Which lines in the material below contain the word "auto"? Copy each of them.

-------------------------

(* A metric space $X$ has asymptotic property $C$ if and only if $\operatorname{trasdim} X<\infty$.
   Context: A family $\mathcal A$ of subsets of a metric space is uniformly bounded if there is $C>0$ with $\operatorname{diam}A\le C$ for all $A\in\mathcal A$; it is $r$-disjoint if $d(A_1,A_2)\ge r$ for all distinct $A_1,A_2\in\mathcal A$. For a set $L$, $\mathrm{Fin}\,L$ is the collection of finite nonempty subsets of $L$. For $M\subset \mathrm{Fin}\,L$ and $\sigma\in\{\emptyset\}\cup\mathrm{Fin}\,L$, $M^\sigma=\{\tau\in\mathrm{Fin}\,L:\sigma\cup\tau\in M,\ \sigma\cap\tau=\emptyset\}$, and $M^a=M^{\{a\}}$. The ordinal $\operatorname{Ord}M$ is defined inductively: $\operatorname{Ord}M=0$ iff $M=\emptyset$; $\operatorname{Ord}M\le\alpha$ iff $\operatorname{Ord}M^a<\alpha$ for every $a\in L$; $\operatorname{Ord}M=\alpha$ iff $\operatorname{Ord}M\le\alpha$ and not $\operatorname{Ord}M<\alpha$; $\operatorname{Ord}M=\infty$ iff $\operatorname{Ord} M\le\alpha$ for no ordinal $\alpha$. For a metric space $(X,d)$, $A(X,d)$ is the set of $\sigma\in\mathrm{Fin}\,\mathbb N$ such that there do NOT exist uniformly bounded families $\mathcal V_i$, $i\in\sigma$, with $\bigcup_{i\in\sigma}\mathcal V_i$ covering $X$ and each $\mathcal V_i$ being $i$-disjoint. Define $\operatorname{trasdim}X=\operatorname{Ord}A(X,d)$, except $\operatorname{trasdim}X=-1$ iff $X$ is bounded. $X$ has asymptotic property $C$ if for every sequence of natural numbers $n_1<n_2<\cdots$ there exist $n\in\mathbb N$ and uniformly bounded families $\mathcal U_1,\dots,\mathcal U_n$ such that $\bigcup_{i=1}^n\mathcal U_i$ covers $X$ and each $\mathcal U_i$ is $n_i$-disjoint. *)

theory Defs
  imports "HOL-Analysis.Analysis"
begin

definition Nat1 :: "nat set" where "Nat1 = {n. n \<ge> 1}"

definition Fin :: "'l set \<Rightarrow> 'l set set" where
  "Fin L = {\<sigma>. finite \<sigma> \<and> \<sigma> \<noteq> {} \<and> \<sigma> \<subseteq> L}"

definition deriv :: "'l set \<Rightarrow> 'l set set \<Rightarrow> 'l \<Rightarrow> 'l set set" where
  "deriv L M a = {\<tau>. \<tau> \<in> Fin L \<and> {a} \<union> \<tau> \<in> M \<and> {a} \<inter> \<tau> = {}}"

text \<open>ord_finite L M means Ord M \<noteq> \<infinity>, i.e. Ord M \<le> \<alpha> for some ordinal \<alpha>.
  By the inductive definition of Ord, this is exactly the least predicate that holds
  for M = {} (Ord M = 0) and holds for M whenever it holds for all M^a, a \<in> L
  (then Ord M \<le> sup (Ord M^a + 1)).\<close>
inductive ord_finite :: "'l set \<Rightarrow> 'l set set \<Rightarrow> bool" for L where
  ord_empty: "M = {} \<Longrightarrow> ord_finite L M"
| ord_step: "(\<forall>a\<in>L. ord_finite L (deriv L M a)) \<Longrightarrow> ord_finite L M"

definition unif_bounded :: "('a \<Rightarrow> 'a \<Rightarrow> real) \<Rightarrow> 'a set set \<Rightarrow> bool" where
  "unif_bounded d \<V> \<longleftrightarrow> (\<exists>C>0. \<forall>A\<in>\<V>. \<forall>x\<in>A. \<forall>y\<in>A. d x y \<le> C)"

definition r_disjoint :: "('a \<Rightarrow> 'a \<Rightarrow> real) \<Rightarrow> real \<Rightarrow> 'a set set \<Rightarrow> bool" where
  "r_disjoint d r \<V> \<longleftrightarrow>
     (\<forall>A1\<in>\<V>. \<forall>A2\<in>\<V>. A1 \<noteq> A2 \<longrightarrow> (\<forall>x\<in>A1. \<forall>y\<in>A2. d x y \<ge> r))"

definition A_set :: "'a set \<Rightarrow> ('a \<Rightarrow> 'a \<Rightarrow> real) \<Rightarrow> nat set set" where
  "A_set X d = {\<sigma>. \<sigma> \<in> Fin Nat1 \<and>
     \<not> (\<exists>\<V> :: nat \<Rightarrow> 'a set set.
          (\<forall>i\<in>\<sigma>. \<V> i \<subseteq> Pow X \<and> unif_bounded d (\<V> i) \<and> r_disjoint d (real i) (\<V> i))
          \<and> X \<subseteq> (\<Union>i\<in>\<sigma>. \<Union>(\<V> i)))}"

definition bounded_space :: "'a set \<Rightarrow> ('a \<Rightarrow> 'a \<Rightarrow> real) \<Rightarrow> bool" where
  "bounded_space X d \<longleftrightarrow> (\<exists>C. \<forall>x\<in>X. \<forall>y\<in>X. d x y \<le> C)"

text \<open>trasdim X < \<infinity>: either X is bounded (trasdim = -1) or Ord A(X,d) is an ordinal.\<close>
definition trasdim_finite :: "'a set \<Rightarrow> ('a \<Rightarrow> 'a \<Rightarrow> real) \<Rightarrow> bool" where
  "trasdim_finite X d \<longleftrightarrow> bounded_space X d \<or> ord_finite Nat1 (A_set X d)"

text \<open>Asymptotic property C; the sequence n_1 < n_2 < ... is n 1 < n 2 < ..., families U_1..U_k.\<close>
definition asymptotic_C :: "'a set \<Rightarrow> ('a \<Rightarrow> 'a \<Rightarrow> real) \<Rightarrow> bool" where
  "asymptotic_C X d \<longleftrightarrow>
     (\<forall>n :: nat \<Rightarrow> nat. strict_mono n \<and> n 1 \<ge> 1 \<longrightarrow>
        (\<exists>k \<ge> 1. \<exists>\<U> :: nat \<Rightarrow> 'a set set.
           (\<forall>i\<in>{1..k}. \<U> i \<subseteq> Pow X \<and> unif_bounded d (\<U> i) \<and> r_disjoint d (real (n i)) (\<U> i))
           \<and> X \<subseteq> (\<Union>i\<in>{1..k}. \<Union>(\<U> i))))"

end

theory Submission
  imports Defs
begin

text \<open>
  Both sides are statements about the family of finite sets of scales that do not admit a
  cover. Ord M < \<infinity> for a hereditary family M means that M has no infinite branch: no
  injective sequence a all of whose initial segments {a 0, ..., a (k - 1)} lie in M. Asymptotic
  property C says that every increasing sequence of scales has an initial segment that admits a
  cover. Since covers are preserved under enlarging the set of scales, and every injective
  sequence of scales contains the increasing enumeration of its range, these two conditions
  coincide.
\<close>

lemma ord_finite_imp_initial_segment_notin:
  fixes a :: "nat \<Rightarrow> 'l"
  assumes "ord_finite L M" "inj a" "range a \<subseteq> L"
  shows "\<exists>k\<ge>1. a ` {..<k} \<notin> M"
  using assms
proof (induction arbitrary: a rule: ord_finite.induct)
  case (ord_empty M)
  then show ?case by (intro exI[of _ 1]) simp
next
  case (ord_step M)
  have "inj (a \<circ> Suc)"
    using ord_step.prems(1) inj_Suc by (rule inj_compose)
  moreover have "range (a \<circ> Suc) \<subseteq> L"
    using ord_step.prems(2) by auto
  moreover have "\<forall>b :: nat \<Rightarrow> 'l. inj b \<longrightarrow> range b \<subseteq> L \<longrightarrow> (\<exists>k\<ge>1. b ` {..<k} \<notin> deriv L M (a 0))"
    using ord_step(1) ord_step.prems(2) by blast
  ultimately obtain k where k: "k \<ge> 1" "(a \<circ> Suc) ` {..<k} \<notin> deriv L M (a 0)"
    by blast
  have "(a \<circ> Suc) ` {..<k} \<in> Fin L"
    using k(1) ord_step.prems(2) by (auto simp: Fin_def lessThan_empty_iff)
  moreover have "a 0 \<notin> (a \<circ> Suc) ` {..<k}"
    using ord_step.prems(1) by (auto simp: inj_def)
  moreover have "a ` {..<Suc k} = {a 0} \<union> (a \<circ> Suc) ` {..<k}"
    by (simp add: lessThan_Suc_eq_insert_0 image_image)
  ultimately have "a ` {..<Suc k} \<notin> M"
    using k(2) by (auto simp: deriv_def)
  then show ?case by (intro exI[of _ "Suc k"]) simp
qed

-------------------------

RESULT ->
    using ord_step.prems(2) by auto
    using k(1) ord_step.prems(2) by (auto simp: Fin_def lessThan_empty_iff)
    using ord_step.prems(1) by (auto simp: inj_def)
    using k(2) by (auto simp: deriv_def)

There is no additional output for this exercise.